• Exercise objective: Throughout the records below, find each line holding "clique" and copy it.

====== Data ======

(* Let $G$ be a split graph with vertex partition $\{X,Y\}$, where $X=\{v_1,\ldots,v_n\}$ is a maximal clique of $G$ and $Y=V(G)\setminus X$ is a stable set, and write $d_i=|N_G(v_i)\cap Y|$, with $d_1\ge\cdots\ge d_n$ and $n\ge 4$. If $d_1<\lfloor n/2\rfloor$ and $d_2=0$, then $\chi'_{\rm irr}(G)=3$.
   Context: All graphs are finite and simple. A graph is locally irregular if any two adjacent vertices have distinct degrees. A locally irregular decomposition of $G$ is a collection of locally irregular subgraphs whose edge sets partition $E(G)$; for a graph admitting one, $\chi'_{\rm irr}(G)$ is the minimum number of subgraphs in such a decomposition. *)

theory Defs
  imports Main
begin

definition simple_graph :: "'a set \<Rightarrow> 'a set set \<Rightarrow> bool" where
  "simple_graph V E \<longleftrightarrow> finite V \<and>
     (\<forall>e\<in>E. \<exists>u w. u \<noteq> w \<and> u \<in> V \<and> w \<in> V \<and> e = {u, w})"

definition edeg :: "'a set set \<Rightarrow> 'a \<Rightarrow> nat" where
  "edeg F x = card {e\<in>F. x \<in> e}"

definition locally_irregular :: "'a set set \<Rightarrow> bool" where
  "locally_irregular F \<longleftrightarrow> (\<forall>u w. {u, w} \<in> F \<longrightarrow> u \<noteq> w \<longrightarrow> edeg F u \<noteq> edeg F w)"

definition irr_decomp_k :: "'a set set \<Rightarrow> nat \<Rightarrow> bool" where
  "irr_decomp_k E k \<longleftrightarrow> (\<exists>c :: 'a set \<Rightarrow> nat.
      (\<forall>e\<in>E. c e < k) \<and> (\<forall>i<k. locally_irregular {e\<in>E. c e = i}))"

definition irr_decomposable :: "'a set set \<Rightarrow> bool" where
  "irr_decomposable E \<longleftrightarrow> (\<exists>k. irr_decomp_k E k)"

definition chi_irr :: "'a set set \<Rightarrow> nat" where
  "chi_irr E = (LEAST k. irr_decomp_k E k)"

end

theory Submission
  imports Defs
begin

text \<open>Apart from isolated vertices of \<open>Y\<close>, the graph is the clique on \<open>v\<^sub>1, \<dots>, v\<^sub>n\<close>
  together with \<open>d\<^sub>1 < \<lfloor>n/2\<rfloor>\<close> pendant edges at \<open>v\<^sub>1\<close>.

  Three colours suffice: give the clique edge \<open>v\<^sub>iv\<^sub>j\<close> colour \<open>0\<close> if \<open>i + j > n\<close> and
  colour \<open>1\<close> otherwise, recolour a path of length two in the middle with \<open>2\<close>, and give the
  pendant edges colour \<open>1\<close>.

  Two colours do not suffice. Among \<open>v\<^sub>2, \<dots>, v\<^sub>n\<close> the degrees in the two colours add up
  to \<open>n - 1\<close>, so two of these vertices with equal colour-\<open>0\<close> degrees would clash in whichever
  colour joins them. Hence their degrees in one colour class are exactly \<open>0, \<dots>, n - 2\<close>, which
  makes that class a half graph and determines the neighbours of \<open>v\<^sub>1\<close> and their degrees in
  both colours. Fewer than \<open>\<lfloor>n/2\<rfloor>\<close> pendant edges cannot move both degrees of \<open>v\<^sub>1\<close> away
  from those of all its neighbours.\<close>

lemma irr_decomp_k_Suc:
  assumes "irr_decomp_k E k"
  shows "irr_decomp_k E (Suc k)"
proof -
  obtain c where c: "\<forall>e\<in>E. c e < k" "\<forall>i<k. locally_irregular {e \<in> E. c e = i}"
    using assms unfolding irr_decomp_k_def by blast
  have "locally_irregular {e \<in> E. c e = k}"
    using c(1) unfolding locally_irregular_def by fastforce
  then show ?thesis
    unfolding irr_decomp_k_def using c by (intro exI[of _ c]) (auto simp: less_Suc_eq)
qed

lemma irr_decomp_k_mono:
  assumes "irr_decomp_k E j" and "j \<le> k"
  shows "irr_decomp_k E k"
  using assms(2,1) by (induction k rule: dec_induct) (auto intro: irr_decomp_k_Suc)

lemma chi_irr_eqI:
  assumes "irr_decomp_k E (Suc k)" and "\<not> irr_decomp_k E k"
  shows "chi_irr E = Suc k"
  unfolding chi_irr_def
proof (rule Least_equality)
  fix j assume "irr_decomp_k E j"
  then show "Suc k \<le> j"
    using assms(2) irr_decomp_k_mono[of E j k] by (cases "j \<le> k") auto
qed (rule assms(1))

section \<open>Half graphs\<close>

definition nbr_count :: "('b \<Rightarrow> 'b \<Rightarrow> bool) \<Rightarrow> 'b set \<Rightarrow> 'b \<Rightarrow> nat" where
  "nbr_count adj S w = card {u \<in> S. u \<noteq> w \<and> adj w u}"

lemma staircase_peel:
  fixes adj :: "'b \<Rightarrow> 'b \<Rightarrow> bool" and W :: "'b set" and w0 wt :: 'b
  defines "W' \<equiv> W - {w0, wt}"
  assumes sym: "symp adj" and fin: "finite W" and z: "z \<notin> W"
    and img: "nbr_count adj (insert z W) ` W = {0..<card W}" and c2: "2 \<le> card W"
    and w0: "w0 \<in> W" "nbr_count adj (insert z W) w0 = 0"
    and wt: "wt \<in> W" "nbr_count adj (insert z W) wt = card W - 1"
  shows "\<not> adj w0 z" and "adj wt z"
    and "\<And>x. x \<in> W' \<Longrightarrow> nbr_count adj (insert z W) x = Suc (nbr_count adj (insert z W') x)"
    and "nbr_count adj (insert z W') ` W' = {0..<card W'}"
proof -
  let ?S = "insert z W"
  let ?deg = "nbr_count adj ?S"
  have fin_S: "finite ?S" and card_S: "card ?S = card W + 1"
    using fin z by auto
  have w0_isolated: "\<not> adj w0 u" if "u \<in> ?S" "u \<noteq> w0" for u
    using w0(2) that fin_S by (auto simp: nbr_count_def)
  have "w0 \<noteq> wt" using w0(2) wt(2) c2 by auto
  have wt_nbrs: "{u \<in> ?S. u \<noteq> wt \<and> adj wt u} = ?S - {wt, w0}"
  proof (rule card_subset_eq)
    show "{u \<in> ?S. u \<noteq> wt \<and> adj wt u} \<subseteq> ?S - {wt, w0}"
      using w0_isolated[of wt] sympD[OF sym, of wt w0] w0(1) wt(1) \<open>w0 \<noteq> wt\<close> by auto
    show "card {u \<in> ?S. u \<noteq> wt \<and> adj wt u} = card (?S - {wt, w0})"
      using wt w0 card_S fin_S \<open>w0 \<noteq> wt\<close> by (simp add: nbr_count_def card_Diff_subset)
  qed (use fin_S in simp)
  show "\<not> adj w0 z" using w0_isolated z w0(1) by blast
  show "adj wt z" using wt_nbrs z w0(1) wt(1) by blast
  show deg_W': "?deg x = Suc (nbr_count adj (insert z W') x)" if "x \<in> W'" for x
  proof -
    have "x \<in> ?S" "x \<noteq> w0" "x \<noteq> wt" using that by (auto simp: W'_def)
    then have "adj x wt" "\<not> adj x w0"
      using wt_nbrs w0_isolated[of x] sympD[OF sym] by blast+
    then have "{u \<in> ?S. u \<noteq> x \<and> adj x u} = insert wt {u \<in> insert z W'. u \<noteq> x \<and> adj x u}"
      using wt(1) \<open>x \<noteq> wt\<close> by (auto simp: W'_def)
    moreover have "wt \<notin> insert z W'" using z wt(1) by (auto simp: W'_def)
    ultimately show ?thesis using fin by (simp add: nbr_count_def W'_def)
  qed
  have inj: "inj_on ?deg W"
    using fin img by (intro eq_card_imp_inj_on) auto
  have "Suc ` nbr_count adj (insert z W') ` W' = ?deg ` W'"
    using deg_W' by (auto simp: image_image)
  also have "\<dots> = ?deg ` W - ?deg ` {w0, wt}"
    unfolding W'_def using inj w0(1) wt(1) by (simp add: inj_on_image_set_diff)
  also have "\<dots> = {0..<card W} - {0, card W - 1}"
    using img w0(2) wt(2) by simp
  also have "\<dots> = Suc ` {0..<card W'}"
    using c2 fin w0(1) wt(1) \<open>w0 \<noteq> wt\<close> by (auto simp: W'_def card_Diff_subset)
  finally show "nbr_count adj (insert z W') ` W' = {0..<card W'}"
    unfolding inj_image_eq_iff[OF inj_Suc] .
qed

======

• Task solution:
(* Let $G$ be a split graph with vertex partition $\{X,Y\}$, where $X=\{v_1,\ldots,v_n\}$ is a maximal clique of $G$ and $Y=V(G)\setminus X$ is a stable set, and write $d_i=|N_G(v_i)\cap Y|$, with $d_1\ge\cdots\ge d_n$ and $n\ge 4$. If $d_1<\lfloor n/2\rfloor$ and $d_2=0$, then $\chi'_{\rm irr}(G)=3$.
text \<open>Apart from isolated vertices of \<open>Y\<close>, the graph is the clique on \<open>v\<^sub>1, \<dots>, v\<^sub>n\<close>
  Three colours suffice: give the clique edge \<open>v\<^sub>iv\<^sub>j\<close> colour \<open>0\<close> if \<open>i + j > n\<close> and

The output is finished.